# compare scenarios and opinion of what the outcome should be.



## selzer (May 7, 2005)

Does anyone else seem to think that we as a forum tend to give some pretty inconsistent advice? But the same people are not always commenting on each thread. 
I think it would be interesting for people to consider each of these scenarios and give an opinion on what they think is needed in each case and why. It only works if you state your opinion for all four scenarios, lets not go off on tangents about one of them. 


Four threads on dog bite scenarios: 

1. 14 month old puppy, Service dog in training bites nine year old neighbor girl in the face will require plastic surgery, dog has nipped the child's brother in the past. Dog is generally walked with a muzzle on.

2. 12 month old puppy has bitten/attacked mother and 14 year old child many times (family members). 

3. On trying to leave the yard, the 11 month old puppy jumps up and gives a minor bite -- 1 puncture and marks, in the upper arm of a ten year old child (I think ten years). 

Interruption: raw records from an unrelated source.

(* For a strictly positive probability vector $\pi=(\pi_1,\pi_2,\pi_3,\pi_4)$ let $$\mathrm{HKY}_\pi^+=\left\{\begin{pmatrix}\ast & \pi_2\kappa & \lambda\pi_3 & \lambda\pi_4\\ \pi_1\kappa & \ast & \lambda\pi_3 & \lambda\pi_4\\ \lambda\pi_1 & \lambda\pi_2 & \ast & \pi_4\kappa\\ \lambda\pi_1 & \lambda\pi_2 & \pi_3\kappa & \ast\end{pmatrix}:\kappa,\lambda\ge 0\right\},$$ where each $\ast$ denotes the diagonal entry making the row sum zero. If $\pi_1+\pi_2\neq\pi_3+\pi_4$, then $\operatorname{span}_{\mathbb{R}}(\mathrm{HKY}_\pi^+)$ is not closed under $A\odot B=AB+BA$ (so $\mathrm{HKY}_\pi^+$ is not uniformization stable). Consequently $\mathrm{HKY}^+:=\bigcup_\pi\mathrm{HKY}_\pi^+$ (union over all strictly positive probability vectors) is not uniformization stable.
   Context: A strictly positive probability vector has all entries positive and summing to 1. A set $\mathcal{M}$ of $4\times4$ rate matrices (zero row sums, nonnegative off-diagonal entries) is uniformization stable if for every $Q\in\mathcal{M}$ and $t\ge0$ there is $\hat Q\in\mathcal{M}$ with $e^{Qt}-I_4=\hat Q$. *)

theory Defs
  imports "HOL-Analysis.Analysis" "HOL-Library.Numeral_Type"
begin

text \<open>4x4 real matrices are indexed by the type 4 = {0,1,2,3};
  paper index k (1..4) corresponds to index k-1 here.\<close>

type_synonym mat4 = "real^4^4"

primrec mpow :: "mat4 \<Rightarrow> nat \<Rightarrow> mat4" where
  "mpow Q 0 = mat 1"
| "mpow Q (Suc n) = Q ** mpow Q n"

definition mexp :: "mat4 \<Rightarrow> mat4" where
  "mexp Q = (\<Sum>k. (1 / fact k) *\<^sub>R mpow Q k)"

definition rate_matrix :: "mat4 \<Rightarrow> bool" where
  "rate_matrix Q \<longleftrightarrow> (\<forall>i. (\<Sum>j\<in>UNIV. Q$i$j) = 0) \<and> (\<forall>i j. i \<noteq> j \<longrightarrow> Q$i$j \<ge> 0)"

definition pos_prob_vec :: "real^4 \<Rightarrow> bool" where
  "pos_prob_vec p \<longleftrightarrow> (\<forall>i. p$i > 0) \<and> (\<Sum>i\<in>UNIV. p$i) = 1"

definition unif_stable :: "mat4 set \<Rightarrow> bool" where
  "unif_stable M \<longleftrightarrow>
     (\<forall>Q\<in>M. \<forall>t::real. t \<ge> 0 \<longrightarrow> (\<exists>Q'\<in>M. mexp (t *\<^sub>R Q) - mat 1 = Q'))"

definition hky_off :: "real^4 \<Rightarrow> real \<Rightarrow> real \<Rightarrow> 4 \<Rightarrow> 4 \<Rightarrow> real" where
  "hky_off p kap lam i j =
     (if i = j then 0
      else if (i \<in> {0,1}) = (j \<in> {0,1}) then kap * p$j else lam * p$j)"

definition hky_mat :: "real^4 \<Rightarrow> real \<Rightarrow> real \<Rightarrow> mat4" where
  "hky_mat p kap lam = (\<chi> i j. if i = j then - (\<Sum>k\<in>UNIV - {i}. hky_off p kap lam i k)
                                else hky_off p kap lam i j)"

definition HKY_plus :: "real^4 \<Rightarrow> mat4 set" where
  "HKY_plus p = {hky_mat p kap lam | kap lam. kap \<ge> 0 \<and> lam \<ge> 0}"

definition HKY_plus_all :: "mat4 set" where
  "HKY_plus_all = (\<Union>p\<in>{p. pos_prob_vec p}. HKY_plus p)"

definition closed_odot :: "mat4 set \<Rightarrow> bool" where
  "closed_odot S \<longleftrightarrow> (\<forall>A\<in>S. \<forall>B\<in>S. A ** B + B ** A \<in> S)"

end

theory Submission
  imports Defs
begin

text \<open>Write \<open>s = \<pi>\<^sub>1 + \<pi>\<^sub>2\<close>, \<open>t = \<pi>\<^sub>3 + \<pi>\<^sub>4\<close> and \<open>e = exp(-1)\<close>. The rate matrix \<open>Q\<close> with
  \<open>\<kappa> = 2\<close>, \<open>\<lambda> = 1\<close> is diagonalised by four explicit projections with eigenvalues
  \<open>0, -1, -(1 + s), -(1 + t)\<close>, so \<open>exp Q - I\<close> is known in closed form. If it were an HKY matrix
  with parameters \<open>(q, \<kappa>', \<lambda>')\<close>, the entries between the two classes force \<open>\<lambda>' = 1 - e\<close> and
  \<open>q = \<pi>\<close>, and the entries within the two classes give \<open>\<kappa>' = 1 - e + e g(s) = 1 - e + e g(t)\<close>
  with \<open>g(x) = (1 - exp(-x)) / x\<close>; as \<open>g\<close> is strictly decreasing, \<open>s = t\<close>.
  For the span, every element \<open>M\<close> of \<open>span HKY\<^sub>\<pi>\<^sup>+\<close> satisfies the linear relation
  \<open>\<pi>\<^sub>4 M\<^sub>1\<^sub>2 = \<pi>\<^sub>2 M\<^sub>3\<^sub>4\<close>, which \<open>K \<odot> K = 2 K\<^sup>2\<close> violates for the pure transition matrix \<open>K\<close>
  (\<open>\<kappa> = 1\<close>, \<open>\<lambda> = 0\<close>) unless \<open>s = t\<close>.\<close>

lemma UNIV_4: "(UNIV :: 4 set) = {0, 1, 2, 3}"
proof -
  have "x \<in> {0, 1, 2, 3}" for x :: 4
  proof (induct x)
    case (of_int z)
    then have "z = 0 \<or> z = 1 \<or> z = 2 \<or> z = 3" by fastforce
    then show ?case by auto
  qed
  then show ?thesis by blast
qed

lemma sum_UNIV_4: "(\<Sum>i\<in>UNIV. f i) = f 0 + f 1 + f 2 + f (3 :: 4)"
  unfolding UNIV_4 by (simp add: add.assoc)

lemma sum_UNIV_4_remove:
  fixes f :: "4 \<Rightarrow> real"
  shows "(\<Sum>k\<in>UNIV - {i}. f k) = f 0 + f 1 + f 2 + f 3 - f i"
  using sum.remove[of UNIV i f] by (simp add: sum_UNIV_4)

lemma mat4_eqI:
  fixes A B :: mat4
  assumes "\<And>i j. i \<in> {0, 1, 2, 3} \<Longrightarrow> j \<in> {0, 1, 2, 3} \<Longrightarrow> A$i$j = B$i$j"
  shows "A = B"
proof -
  have "\<And>i j. A$i$j = B$i$j" using assms UNIV_4 by blast
  then show ?thesis by (simp add: vec_eq_iff)
qed

lemma matrix_mult_4:
  "((A :: mat4) ** B)$i$j = A$i$0 * B$0$j + A$i$1 * B$1$j + A$i$2 * B$2$j + A$i$3 * B$3$j"
  by (simp add: matrix_matrix_mult_def sum_UNIV_4)

lemma matrix_mult_sum_right:
  "(A :: 'a :: semiring_1^'n^'m) ** (\<Sum>i\<in>I. B i) = (\<Sum>i\<in>I. A ** B i)"
  by (induction I rule: infinite_finite_induct) (simp_all add: matrix_add_ldistrib)

lemma mpow_spectral:
  assumes "(\<Sum>i\<in>I. E i) = mat 1" and "\<And>i. i \<in> I \<Longrightarrow> Q ** E i = c i *\<^sub>R E i"
  shows "mpow Q k = (\<Sum>i\<in>I. c i ^ k *\<^sub>R E i)"
proof (induction k)
  case 0
  then show ?case using assms(1) by simp
next
  case (Suc k)
  have "mpow Q (Suc k) = (\<Sum>i\<in>I. c i ^ k *\<^sub>R (Q ** E i))"
    by (simp add: Suc matrix_mult_sum_right matrix_scalar_ac scalar_matrix_assoc)
  also have "\<dots> = (\<Sum>i\<in>I. c i ^ Suc k *\<^sub>R E i)"
    by (rule sum.cong) (simp_all add: assms(2) mult.commute)
  finally show ?case .
qed

lemma mexp_spectral:
  assumes "(\<Sum>i\<in>I. E i) = mat 1" and "\<And>i. i \<in> I \<Longrightarrow> Q ** E i = c i *\<^sub>R E i"
  shows "mexp Q = (\<Sum>i\<in>I. exp (c i) *\<^sub>R E i)"
proof -
  have "(\<lambda>k. (1 / fact k) * c i ^ k) sums exp (c i)" for i
    using exp_converges[of "c i"] by (simp add: divide_inverse mult.commute)
  then have "(\<lambda>k. \<Sum>i\<in>I. ((1 / fact k) * c i ^ k) *\<^sub>R E i) sums (\<Sum>i\<in>I. exp (c i) *\<^sub>R E i)"
    by (intro sums_sum sums_scaleR_left)
  moreover have "(1 / fact k) *\<^sub>R mpow Q k = (\<Sum>i\<in>I. ((1 / fact k) * c i ^ k) *\<^sub>R E i)" for k
    by (simp add: mpow_spectral[OF assms] scaleR_sum_right)
  ultimately show ?thesis
    unfolding mexp_def by (simp add: sums_iff)
qed

lemma exp_neg_secant_strict_decreasing:
  fixes x y :: real
  assumes "0 < x" "x < y"
  shows "(1 - exp (-y)) / y < (1 - exp (-x)) / x"
proof (rule DERIV_neg_imp_decreasing[OF assms(2)])
  fix u :: real assume u: "x \<le> u" "u \<le> y"
  then have "u > 0" using assms by linarith
  have "1 + u < exp u"
    using exp_lower_Taylor_quadratic[of u] \<open>u > 0\<close> by (smt (verit) zero_less_power divide_pos_pos)
  then have "(1 + u) * exp (-u) < 1"
    by (simp add: exp_minus field_simps)
  then have "((1 + u) * exp (-u) - 1) / u\<^sup>2 < 0"
    using \<open>u > 0\<close> by (simp add: divide_neg_pos)
  moreover have "((\<lambda>v. (1 - exp (-v)) / v) has_real_derivative ((1 + u) * exp (-u) - 1) / u\<^sup>2) (at u)"
    using \<open>u > 0\<close> by (auto intro!: derivative_eq_intros simp: field_simps power2_eq_square)
  ultimately show "\<exists>d. ((\<lambda>v. (1 - exp (-v)) / v) has_real_derivative d) (at u) \<and> d < 0"
    by blast
qed

lemma exp_neg_secant_inj:
  fixes x y :: real
  assumes "0 < x" "0 < y" "(1 - exp (-x)) / x = (1 - exp (-y)) / y"
  shows "x = y"
  using exp_neg_secant_strict_decreasing[of x y] exp_neg_secant_strict_decreasing[of y x] assms
  by (cases x y rule: linorder_cases) auto

lemma pos_prob_vecD:
  assumes "pos_prob_vec p"
  shows "p$0 > 0" "p$1 > 0" "p$2 > 0" "p$3 > 0" "p$0 + p$1 + p$2 + p$3 = 1"
  using assms by (auto simp: pos_prob_vec_def sum_UNIV_4)

lemma hky_mat_entries:
  "hky_mat p k l $0$0 = -(k*p$1 + l*p$2 + l*p$3)" "hky_mat p k l $0$1 = k*p$1"
  "hky_mat p k l $0$2 = l*p$2" "hky_mat p k l $0$3 = l*p$3"
  "hky_mat p k l $1$0 = k*p$0" "hky_mat p k l $1$1 = -(k*p$0 + l*p$2 + l*p$3)"
  "hky_mat p k l $1$2 = l*p$2" "hky_mat p k l $1$3 = l*p$3"
  "hky_mat p k l $2$0 = l*p$0" "hky_mat p k l $2$1 = l*p$1"
  "hky_mat p k l $2$2 = -(l*p$0 + l*p$1 + k*p$3)" "hky_mat p k l $2$3 = k*p$3"
  "hky_mat p k l $3$0 = l*p$0" "hky_mat p k l $3$1 = l*p$1"
  "hky_mat p k l $3$2 = k*p$2" "hky_mat p k l $3$3 = -(l*p$0 + l*p$1 + k*p$2)"
  by (simp_all add: hky_mat_def hky_off_def sum_UNIV_4_remove)

lemma hky_mat_in_HKY_plus: "k \<ge> 0 \<Longrightarrow> l \<ge> 0 \<Longrightarrow> hky_mat p k l \<in> HKY_plus p"
  unfolding HKY_plus_def by blast

text \<open>For a probability vector \<open>p\<close> with \<open>s = p$0 + p$1\<close>, \<open>t = p$2 + p$3\<close> these are the spectral
  projections of every \<open>hky_mat p k l\<close>, with eigenvalues \<open>0\<close>, \<open>-l\<close>, \<open>-(k s + l t)\<close> and \<open>-(k t + l s)\<close>;
  the index classes \<open>{0, 1}\<close> and \<open>{2, 3}\<close> are the purines and the pyrimidines.\<close>

definition stationary_proj :: "real^4 \<Rightarrow> mat4" where
  "stationary_proj p = (\<chi> i j. p$j)"

definition purine_proj :: "real^4 \<Rightarrow> mat4" where
  "purine_proj p = (\<chi> i j. if i \<in> {0, 1} \<and> j \<in> {0, 1}
     then (if i = j then 1 else 0) - p$j / (p$0 + p$1) else 0)"

definition pyrimidine_proj :: "real^4 \<Rightarrow> mat4" where
  "pyrimidine_proj p = (\<chi> i j. if i \<in> {2, 3} \<and> j \<in> {2, 3}
     then (if i = j then 1 else 0) - p$j / (p$2 + p$3) else 0)"

definition class_proj :: "real^4 \<Rightarrow> mat4" where
  "class_proj p = (\<chi> i j. (if (i \<in> {0, 1}) = (j \<in> {0, 1})
     then p$j / (if j \<in> {0, 1} then p$0 + p$1 else p$2 + p$3) else 0) - p$j)"

lemma hky_mat_mult_stationary_proj: "hky_mat p k l ** stationary_proj p = 0"
  by (rule mat4_eqI) (auto simp: matrix_mult_4 hky_mat_entries stationary_proj_def algebra_simps)

lemma hky_mat_mult_purine_proj:
  assumes "p$0 + p$1 \<noteq> 0"
  shows "hky_mat p k l ** purine_proj p
    = (-(k * (p$0 + p$1) + l * (p$2 + p$3))) *\<^sub>R purine_proj p"
proof -
  define s where "s = p$0 + p$1"
  then have p1: "p$1 = s - p$0" and "s \<noteq> 0"
    using assms by auto
  then show ?thesis
    by (intro mat4_eqI, elim insertE emptyE;
        simp add: matrix_mult_4 hky_mat_entries purine_proj_def p1 field_simps)
qed

lemma hky_mat_mult_pyrimidine_proj:
  assumes "p$2 + p$3 \<noteq> 0"
  shows "hky_mat p k l ** pyrimidine_proj p
    = (-(k * (p$2 + p$3) + l * (p$0 + p$1))) *\<^sub>R pyrimidine_proj p"
proof -
  define t where "t = p$2 + p$3"
  then have p3: "p$3 = t - p$2" and "t \<noteq> 0"
    using assms by auto
  then show ?thesis
    by (intro mat4_eqI, elim insertE emptyE;
        simp add: matrix_mult_4 hky_mat_entries pyrimidine_proj_def p3 field_simps)
qed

4. 9 year old rescue dog in home for 2 months and instead of saying good night, snaps/connects with the owner's face producing a minor bite wound -- 2 marks, one puncture and bruising.


----------



## jaggirl47 (Jul 18, 2009)

One thing you have to think about though is not everyone reads every single thread.


----------



## DJEtzel (Feb 11, 2010)

I would personally feel uncomfortable assessing ANY of these (even hypothetically) without knowing what has been done so far to control/fix this and its effect. 

ie; has the service dog been worked with and does he STILL require a muzzle?

That type of thing.


----------



## jaggirl47 (Jul 18, 2009)

Can you post the links to all of the threads?


----------



## NancyJ (Jun 15, 2003)

1,2,3,4-

listen to comments on web board and get help finding a professional who can see the dog in its own environment evaluate the situation and help with resoution.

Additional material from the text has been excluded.